Traffic Control Devices

Traffic control devices are essential tools used to manage the flow of vehicles on public roads. They help to keep traffic moving smoothly, and prevent accidents that could lead to loss of life or property. Traffic control devices in Austin Texas come in many shapes and sizes, with a wide variety of functions. Some of the most common are barriers and lane closures. These can be placed to mark the start or end of a work zone, or to act as a barrier that stops cars from accessing a highway or vice versa. Barriers can also be placed to block off water spots on the road that may cause damage or impede the flow of traffic.

The most important function of any traffic control device is to protect people. Without them, the roads would be a dangerous place to be. They provide a safe environment for both motorists and workers on the road. The Traffic Control Devices are available in different colors, shapes and sizes, depending on their purpose. Some are very visible to drivers with bright lights and reflective materials. Others are more discreet, and only noticeable when a driver approaches them.

A Traffic Signal is a device that assigns right of way to approaching vehicles at intersection or midblock locations. It can be a red or green octagon with the letters, S-T-O-P, or it can be a yellow triangle with the words STOP. These are the most commonly seen Traffic Control Devices. The Texas Manual of Uniform Traffic Control Devices specifies how these should be displayed, including when a two-way stop is required.

Signal timing is controlled by a traffic controller unit, which selects and times the signal lamp display sequences. The traffic controller is a complex electrical apparatus with several circuits that perform a variety of functions.

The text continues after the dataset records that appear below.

(* Fix $\sigma^2>0$. Let $\mathcal S_C\subset\mathbb R$ be a finite constellation that is symmetric ($s\in\mathcal S_C\Rightarrow -s\in\mathcal S_C$), with points used with equal probability and unit average power. For $\delta>0$ let $\phi^{-1}_\delta(\rho)=1$ for $0\le\rho<\frac{\delta}{1+\sigma^2}$ and $\phi^{-1}_\delta(\rho)=\frac{\delta}{\rho}-\sigma^2$ for $\rho\ge\frac{\delta}{1+\sigma^2}$. Let $\psi^{opt}_{\mathcal S_C}(\rho)=\min\{\phi^{-1}_\delta(\rho),\mathrm{mmse}(\mathcal S_C,\rho)\}$ and $$a_{\mathcal S_C}(\delta)=\int_0^\infty\big(\phi^{-1}_\delta(\rho)-\psi^{opt}_{\mathcal S_C}(\rho)\big)\mathrm d\rho,\qquad R_{\mathrm{AC}}(\delta)=C_{\mathrm G}-\frac{a_{\mathcal S_C}(\delta)}{2\delta},$$ where $C_{\mathrm G}=\frac12\ln(1+1/\sigma^2)$. Then $R_{\mathrm{AC}}(\delta)\to C_{\mathrm G}$ as $\delta\to0$.
   Context: $\mathrm{mmse}(\mathcal S,\rho)$ denotes the minimum mean-squared error of estimating $s$, drawn uniformly from $\mathcal S$, from the observation $\sqrt\rho\,s+w$ with $w\sim\mathcal N(0,1)$ independent of $s$. In the paper's interpretation $\delta\to0$ is taken jointly with the underlying code rate $R_{\mathrm C}=\delta R_{\mathrm{AC}}\to0$, and the decoder transfer curve is assumed to satisfy the matching condition $\psi=\psi^{opt}_{\mathcal S_C}$. *)

theory Defs
  imports "HOL-Probability.Probability"
begin

text \<open>Conditional-mean (MMSE) estimator of s, uniform on the finite set S,
  from y = sqrt rho * s + w with w ~ N(0,1).\<close>
definition cond_mean :: "real set \<Rightarrow> real \<Rightarrow> real \<Rightarrow> real" where
  "cond_mean S \<rho> y =
     (\<Sum>s\<in>S. s * std_normal_density (y - sqrt \<rho> * s)) /
     (\<Sum>s\<in>S. std_normal_density (y - sqrt \<rho> * s))"

definition mmse :: "real set \<Rightarrow> real \<Rightarrow> real" where
  "mmse S \<rho> = (1 / real (card S)) *
     (\<Sum>s\<in>S. \<integral>w. (s - cond_mean S \<rho> (sqrt \<rho> * s + w))\<^sup>2 * std_normal_density w \<partial>lborel)"

definition phi_inv :: "real \<Rightarrow> real \<Rightarrow> real \<Rightarrow> real" where
  "phi_inv \<sigma>2 \<delta> \<rho> = (if \<rho> < \<delta> / (1 + \<sigma>2) then 1 else \<delta> / \<rho> - \<sigma>2)"

definition psi_opt :: "real set \<Rightarrow> real \<Rightarrow> real \<Rightarrow> real \<Rightarrow> real" where
  "psi_opt S \<sigma>2 \<delta> \<rho> = min (phi_inv \<sigma>2 \<delta> \<rho>) (mmse S \<rho>)"

definition area_gap :: "real set \<Rightarrow> real \<Rightarrow> real \<Rightarrow> real" where
  "area_gap S \<sigma>2 \<delta> = (LINT \<rho>:{0..}|lborel. phi_inv \<sigma>2 \<delta> \<rho> - psi_opt S \<sigma>2 \<delta> \<rho>)"

definition C_G :: "real \<Rightarrow> real" where
  "C_G \<sigma>2 = ln (1 + 1 / \<sigma>2) / 2"

definition R_AC :: "real set \<Rightarrow> real \<Rightarrow> real \<Rightarrow> real" where
  "R_AC S \<sigma>2 \<delta> = C_G \<sigma>2 - area_gap S \<sigma>2 \<delta> / (2 * \<delta>)"

end

theory Submission imports Defs begin

text \<open>For small \<delta> the threshold \<delta>/\<sigma>2 beyond which phi_inv is nonpositive is close to 0, where
  mmse is close to its value 1 at \<rho> = 0; hence the integrand of the area gap is at most
  \<epsilon> on [0, \<delta>/\<sigma>2] and 0 beyond, so the gap is O(\<epsilon> \<delta>) and R_AC(\<delta>) \<rightarrow> C_G.
  Continuity of mmse in \<rho> follows by dominated convergence, since the conditional mean
  is a convex combination of constellation points and therefore bounded.\<close>

lemma sum_eq_0_if_symmetric:
  fixes S :: "real set"
  assumes "finite S" "\<And>s. s \<in> S \<Longrightarrow> - s \<in> S"
  shows "(\<Sum>s\<in>S. s) = 0"
proof -
  have "(\<Sum>s\<in>S. s) = (\<Sum>s\<in>S. - s)"
    by (rule sum.reindex_bij_witness[of _ uminus uminus]) (simp_all add: assms)
  then show ?thesis by (simp add: sum_negf)
qed

lemma continuous_std_normal_density [continuous_intros]:
  "continuous F f \<Longrightarrow> continuous F (\<lambda>x. std_normal_density (f x))"
  unfolding std_normal_density_def divide_inverse by (intro continuous_intros)

lemma abs_cond_mean_le:
  assumes "finite S" "S \<noteq> {}" "\<And>s. s \<in> S \<Longrightarrow> \<bar>s\<bar> \<le> M"
  shows "\<bar>cond_mean S \<rho> y\<bar> \<le> M"
proof -
  define a where "a s = std_normal_density (y - sqrt \<rho> * s)" for s
  have a_pos: "a s > 0" for s unfolding a_def by (rule normal_density_pos) simp
  have denom_pos: "(\<Sum>s\<in>S. a s) > 0" using assms(1,2) a_pos by (intro sum_pos) auto
  have "\<bar>\<Sum>s\<in>S. s * a s\<bar> \<le> (\<Sum>s\<in>S. \<bar>s\<bar> * a s)"
    using sum_abs[of "\<lambda>s. s * a s" S] a_pos by (simp add: abs_mult less_imp_le)
  also have "\<dots> \<le> (\<Sum>s\<in>S. M * a s)"
    using assms(3) a_pos by (intro sum_mono mult_right_mono) (auto intro: less_imp_le)
  finally have "\<bar>\<Sum>s\<in>S. s * a s\<bar> \<le> M * (\<Sum>s\<in>S. a s)" by (simp add: sum_distrib_left)
  then show ?thesis
    using denom_pos by (simp add: cond_mean_def a_def[symmetric] abs_divide pos_divide_le_eq)
qed

lemma cond_mean_at_0: "cond_mean S 0 y = (\<Sum>s\<in>S. s) / real (card S)"
  using normal_density_pos[of 1 0 y]
  by (simp add: cond_mean_def sum_distrib_right[symmetric])

lemma isCont_cond_mean:
  assumes "finite S" "S \<noteq> {}"
  shows "isCont (\<lambda>\<rho>. cond_mean S \<rho> (sqrt \<rho> * s + w)) \<rho>\<^sub>0"
proof -
  have "(\<Sum>s'\<in>S. std_normal_density (sqrt \<rho>\<^sub>0 * s + w - sqrt \<rho>\<^sub>0 * s')) \<noteq> 0"
    using assms by (intro less_imp_neq[symmetric] sum_pos normal_density_pos) auto
  then show ?thesis unfolding cond_mean_def by (intro continuous_intros)
qed

lemma isCont_mmse_term:
  assumes fin: "finite S" and ne: "S \<noteq> {}"
  shows "isCont (\<lambda>\<rho>. \<integral>w. (s - cond_mean S \<rho> (sqrt \<rho> * s + w))\<^sup>2 * std_normal_density w \<partial>lborel) \<rho>\<^sub>0"
proof (rule continuous_at_sequentiallyI)
  define M where "M = Max (abs ` S)"
  have bound: "\<bar>t\<bar> \<le> M" if "t \<in> S" for t
    unfolding M_def using fin that by (intro Max_ge) auto
  define g where "g \<rho> w = (s - cond_mean S \<rho> (sqrt \<rho> * s + w))\<^sup>2 * std_normal_density w" for \<rho> w
  fix X :: "nat \<Rightarrow> real" assume X: "X \<longlonglongrightarrow> \<rho>\<^sub>0"
  have "(\<lambda>i. integral\<^sup>L lborel (g (X i))) \<longlonglongrightarrow> integral\<^sup>L lborel (g \<rho>\<^sub>0)"
  proof (rule integral_dominated_convergence[where w="\<lambda>w. (\<bar>s\<bar> + M)\<^sup>2 * std_normal_density w"])
    have "g \<rho> \<in> borel_measurable lborel" for \<rho>
      unfolding g_def cond_mean_def by measurable
    then show "g \<rho>\<^sub>0 \<in> borel_measurable lborel" "g (X i) \<in> borel_measurable lborel" for i
      by blast+
    show "integrable lborel (\<lambda>w. (\<bar>s\<bar> + M)\<^sup>2 * std_normal_density w)" by simp
    show "AE w in lborel. (\<lambda>i. g (X i) w) \<longlonglongrightarrow> g \<rho>\<^sub>0 w"
      unfolding g_def
      by (intro AE_I2 tendsto_intros isCont_tendsto_compose[OF isCont_cond_mean[OF fin ne] X])
    show "AE w in lborel. norm (g (X i) w) \<le> (\<bar>s\<bar> + M)\<^sup>2 * std_normal_density w" for i
    proof (rule AE_I2)
      fix w
      let ?c = "cond_mean S (X i) (sqrt (X i) * s + w)"
      have "\<bar>s - ?c\<bar> \<le> \<bar>\<bar>s\<bar> + M\<bar>"
      proof -
        have "\<bar>?c\<bar> \<le> M" by (rule abs_cond_mean_le) (use fin ne bound in auto)
        then show ?thesis using abs_triangle_ineq4[of s ?c] abs_ge_self[of "\<bar>s\<bar> + M"] by linarith
      qed
      then have "(s - ?c)\<^sup>2 \<le> (\<bar>s\<bar> + M)\<^sup>2"
        by (simp only: abs_le_square_iff)
      then show "norm (g (X i) w) \<le> (\<bar>s\<bar> + M)\<^sup>2 * std_normal_density w"
        unfolding g_def by (simp add: mult_right_mono)
    qed
  qed
  then show "(\<lambda>i. integral\<^sup>L lborel (g (X i))) \<longlonglongrightarrow> integral\<^sup>L lborel (g \<rho>\<^sub>0)" .
qed

lemma isCont_mmse:
  assumes "finite S" "S \<noteq> {}"
  shows "isCont (mmse S) \<rho>\<^sub>0"
proof -
  have "isCont (\<lambda>\<rho>. (1 / real (card S)) *
     (\<Sum>s\<in>S. \<integral>w. (s - cond_mean S \<rho> (sqrt \<rho> * s + w))\<^sup>2 * std_normal_density w \<partial>lborel)) \<rho>\<^sub>0"
    by (intro continuous_mult continuous_const continuous_sum isCont_mmse_term assms)
  then show ?thesis unfolding mmse_def .
qed

lemma mmse_at_0:
  assumes "(\<Sum>s\<in>S. s) = 0"
  shows "mmse S 0 = (\<Sum>s\<in>S. s\<^sup>2) / real (card S)"
proof -
  have "cond_mean S 0 y = 0" for y by (simp add: cond_mean_at_0 assms)
  then show ?thesis by (simp add: mmse_def)
qed

lemma mmse_nonneg: "mmse S \<rho> \<ge> 0"
  unfolding mmse_def by (intro mult_nonneg_nonneg sum_nonneg integral_nonneg) auto

lemma phi_inv_le_1:
  assumes "\<sigma>2 \<ge> 0" "\<delta> > 0"
  shows "phi_inv \<sigma>2 \<delta> \<rho> \<le> 1"
proof (cases "\<rho> < \<delta> / (1 + \<sigma>2)")
  case False
  have "\<delta> / (1 + \<sigma>2) > 0" using assms by simp
  with False have "\<rho> > 0" by linarith
  from False assms have "\<delta> \<le> \<rho> * (1 + \<sigma>2)" by (simp add: not_less pos_divide_le_eq)
  with \<open>\<rho> > 0\<close> have "\<delta> / \<rho> \<le> 1 + \<sigma>2" by (simp add: divide_le_eq mult.commute)
  with False show ?thesis unfolding phi_inv_def by simp
qed (simp add: phi_inv_def)

lemma phi_inv_nonpos:
  assumes "\<sigma>2 > 0" "\<delta> > 0" "\<rho> \<ge> \<delta> / \<sigma>2"
  shows "phi_inv \<sigma>2 \<delta> \<rho> \<le> 0"
proof -
  have "\<delta> / (1 + \<sigma>2) < \<delta> / \<sigma>2" using assms by (simp add: frac_less2)
  moreover have "\<rho> > 0" using assms divide_pos_pos[of \<delta> \<sigma>2] by linarith
  moreover have "\<delta> / \<rho> \<le> \<sigma>2"
    using assms \<open>\<rho> > 0\<close> by (simp add: pos_divide_le_eq mult.commute)
  ultimately show ?thesis using assms(3) unfolding phi_inv_def by simp
qed

lemma area_gap_integrand_le:
  assumes "\<sigma>2 > 0" "\<delta> > 0" "\<rho> \<ge> 0" "\<epsilon> \<ge> 0"
    and "\<rho> < \<delta> / \<sigma>2 \<Longrightarrow> mmse S \<rho> \<ge> 1 - \<epsilon>"
  shows "phi_inv \<sigma>2 \<delta> \<rho> - psi_opt S \<sigma>2 \<delta> \<rho> \<le> \<epsilon> * indicator {0..\<delta>/\<sigma>2} \<rho>"
proof (cases "\<rho> < \<delta> / \<sigma>2")
  case True
  then show ?thesis
    using assms phi_inv_le_1[of \<sigma>2 \<delta> \<rho>] unfolding psi_opt_def by (simp add: indicator_def)
next
  case False
  then show ?thesis
    using assms phi_inv_nonpos[of \<sigma>2 \<delta> \<rho>] mmse_nonneg[of S \<rho>] unfolding psi_opt_def by simp
qed

lemma area_gap_bounds:
  assumes \<sigma>2: "\<sigma>2 > 0" and \<delta>: "\<delta> > 0" and \<epsilon>: "\<epsilon> \<ge> 0"
    and mmse_ge: "\<And>\<rho>. 0 \<le> \<rho> \<Longrightarrow> \<rho> < \<delta> / \<sigma>2 \<Longrightarrow> mmse S \<rho> \<ge> 1 - \<epsilon>"
  shows "0 \<le> area_gap S \<sigma>2 \<delta>" and "area_gap S \<sigma>2 \<delta> \<le> \<epsilon> * (\<delta> / \<sigma>2)"
proof -
  define h where "h \<rho> = indicator {0..} \<rho> * (phi_inv \<sigma>2 \<delta> \<rho> - psi_opt S \<sigma>2 \<delta> \<rho>)" for \<rho> :: real
  have gap_eq: "area_gap S \<sigma>2 \<delta> = integral\<^sup>L lborel h"
    unfolding area_gap_def set_lebesgue_integral_def h_def by simp
  have h_le: "h \<rho> \<le> \<epsilon> * indicator {0..\<delta>/\<sigma>2} \<rho>" for \<rho>
    using area_gap_integrand_le[OF \<sigma>2 \<delta> _ \<epsilon> mmse_ge, of \<rho>] \<epsilon>
    by (cases "\<rho> \<ge> 0") (auto simp: h_def indicator_def)
  show "0 \<le> area_gap S \<sigma>2 \<delta>"
    unfolding gap_eq h_def psi_opt_def by (intro integral_nonneg_AE) (simp add: indicator_def)
  have bound_integrable: "integrable lborel (\<lambda>\<rho>. \<epsilon> * indicator {0..\<delta>/\<sigma>2} \<rho> :: real)"
    using \<sigma>2 \<delta> by (intro integrable_mult_right integrable_real_indicator) auto
  have "integral\<^sup>L lborel h \<le> (LINT \<rho>|lborel. \<epsilon> * indicator {0..\<delta>/\<sigma>2} \<rho>)"
  proof (cases "integrable lborel h")
    case True
    then show ?thesis by (rule integral_mono[OF _ bound_integrable h_le])
  next
    case False
    then show ?thesis using \<sigma>2 \<delta> \<epsilon> by (simp add: not_integrable_integral_eq)
  qed
  then show "area_gap S \<sigma>2 \<delta> \<le> \<epsilon> * (\<delta> / \<sigma>2)" using gap_eq \<sigma>2 \<delta> by simp
qed

lemma area_gap_over_delta_tendsto_0:
  assumes \<sigma>2: "\<sigma>2 > 0" and cont: "isCont (mmse S) 0" and mmse_0: "mmse S 0 = 1"
  shows "((\<lambda>\<delta>. area_gap S \<sigma>2 \<delta> / \<delta>) \<longlongrightarrow> 0) (at_right 0)"
  unfolding tendsto_iff
proof (intro allI impI)
  fix e :: real assume e: "e > 0"
  obtain d where d: "d > 0" and near_0: "\<And>\<rho>. \<bar>\<rho>\<bar> < d \<Longrightarrow> \<bar>mmse S \<rho> - 1\<bar> < e * \<sigma>2 / 2"
  proof -
    have "e * \<sigma>2 / 2 > 0" using e \<sigma>2 by simp
    from cont[unfolded continuous_at_eps_delta, rule_format, OF this]
    obtain d where "d > 0" "\<forall>\<rho>. dist \<rho> 0 < d \<longrightarrow> dist (mmse S \<rho>) (mmse S 0) < e * \<sigma>2 / 2"
      by blast
    then show ?thesis using that by (simp add: dist_real_def mmse_0)
  qed
  have "dist (area_gap S \<sigma>2 \<delta> / \<delta>) 0 < e" if \<delta>: "0 < \<delta>" "\<delta> < d * \<sigma>2" for \<delta>
  proof -
    have "\<delta> / \<sigma>2 < d" using \<delta> \<sigma>2 by (simp add: divide_less_eq)
    have mmse_ge: "mmse S \<rho> \<ge> 1 - e * \<sigma>2 / 2" if "0 \<le> \<rho>" "\<rho> < \<delta> / \<sigma>2" for \<rho>
    proof -
      have "\<bar>mmse S \<rho> - 1\<bar> < e * \<sigma>2 / 2" using near_0 that \<open>\<delta> / \<sigma>2 < d\<close> by simp
      then show ?thesis unfolding abs_less_iff by linarith
    qed
    have "e * \<sigma>2 / 2 \<ge> 0" using e \<sigma>2 by simp
    note gap = area_gap_bounds[OF \<sigma>2 \<delta>(1) this mmse_ge]
    have "area_gap S \<sigma>2 \<delta> \<le> e * \<delta> / 2" using gap(2) \<sigma>2 by simp
    with gap(1) \<delta> mult_pos_pos[OF e \<delta>(1)] show ?thesis by (simp add: pos_divide_less_eq)
  qed
  then show "eventually (\<lambda>\<delta>. dist (area_gap S \<sigma>2 \<delta> / \<delta>) 0 < e) (at_right 0)"
    unfolding eventually_at_right_field using d \<sigma>2 by (intro exI[of _ "d * \<sigma>2"]) auto
qed

theorem theorem2:
  fixes S :: "real set" and \<sigma>2 :: real
  assumes "\<sigma>2 > 0"
    and "finite S" and "S \<noteq> {}"
    and "\<And>s. s \<in> S \<Longrightarrow> - s \<in> S"
    and "(\<Sum>s\<in>S. s\<^sup>2) / real (card S) = 1"
  shows "((\<lambda>\<delta>. R_AC S \<sigma>2 \<delta>) \<longlongrightarrow> C_G \<sigma>2) (at_right 0)"
proof -
  have "mmse S 0 = 1"
    using assms(5) by (simp add: mmse_at_0 sum_eq_0_if_symmetric[OF assms(2,4)])
  then have "((\<lambda>\<delta>. area_gap S \<sigma>2 \<delta> / \<delta>) \<longlongrightarrow> 0) (at_right 0)"
    by (rule area_gap_over_delta_tendsto_0[OF assms(1) isCont_mmse[OF assms(2,3)]])
  then have "((\<lambda>\<delta>. C_G \<sigma>2 - area_gap S \<sigma>2 \<delta> / \<delta> / 2) \<longlongrightarrow> C_G \<sigma>2 - 0) (at_right 0)"
    by (intro tendsto_diff tendsto_const tendsto_divide_zero)
  moreover have "R_AC S \<sigma>2 \<delta> = C_G \<sigma>2 - area_gap S \<sigma>2 \<delta> / \<delta> / 2" for \<delta>
    unfolding R_AC_def by (simp add: divide_divide_eq_left mult.commute)
  ultimately show ?thesis by simp
qed

end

Early controller units were electromechanical, with a solenoid-driven camshaft for lamp switching and vacuum tube circuitry for timing functions. The traffic engineer adjusted interval and phase timing with knobs on the control panel. These analog units generated considerable heat, requiring forced-air circulation and filtering in the controller cabinet to avoid overheating.

Newer traffic signal systems have replaced these older units with more efficient, computer-based control logic. They still use the same physical components, but have replaced the vacuum tubes with digital microprocessors that communicate with a central traffic control unit via either a serial or Ethernet port. The traffic control center then adjusts the signal timing to synchronize it with other signals in the system.

In most cases, traffic signal controllers can be operated in isolation or coordinated mode. In isolated mode, the signal operates independently from other traffic signals. Coordinated control requires synchronizing the signal’s operating cycle with those of adjacent signals to ensure that all approach phases are served at the same time.

A traffic signal coordinator uses a third-party time source such as a radio receiver, cell phone time monitor or Internet connection to periodically update the signal’s clock and to select the appropriate operating cycle for each phase. Even traffic signals under the command of different central computers can be coordinated as long as all controllers have their clocks set to a standard reference.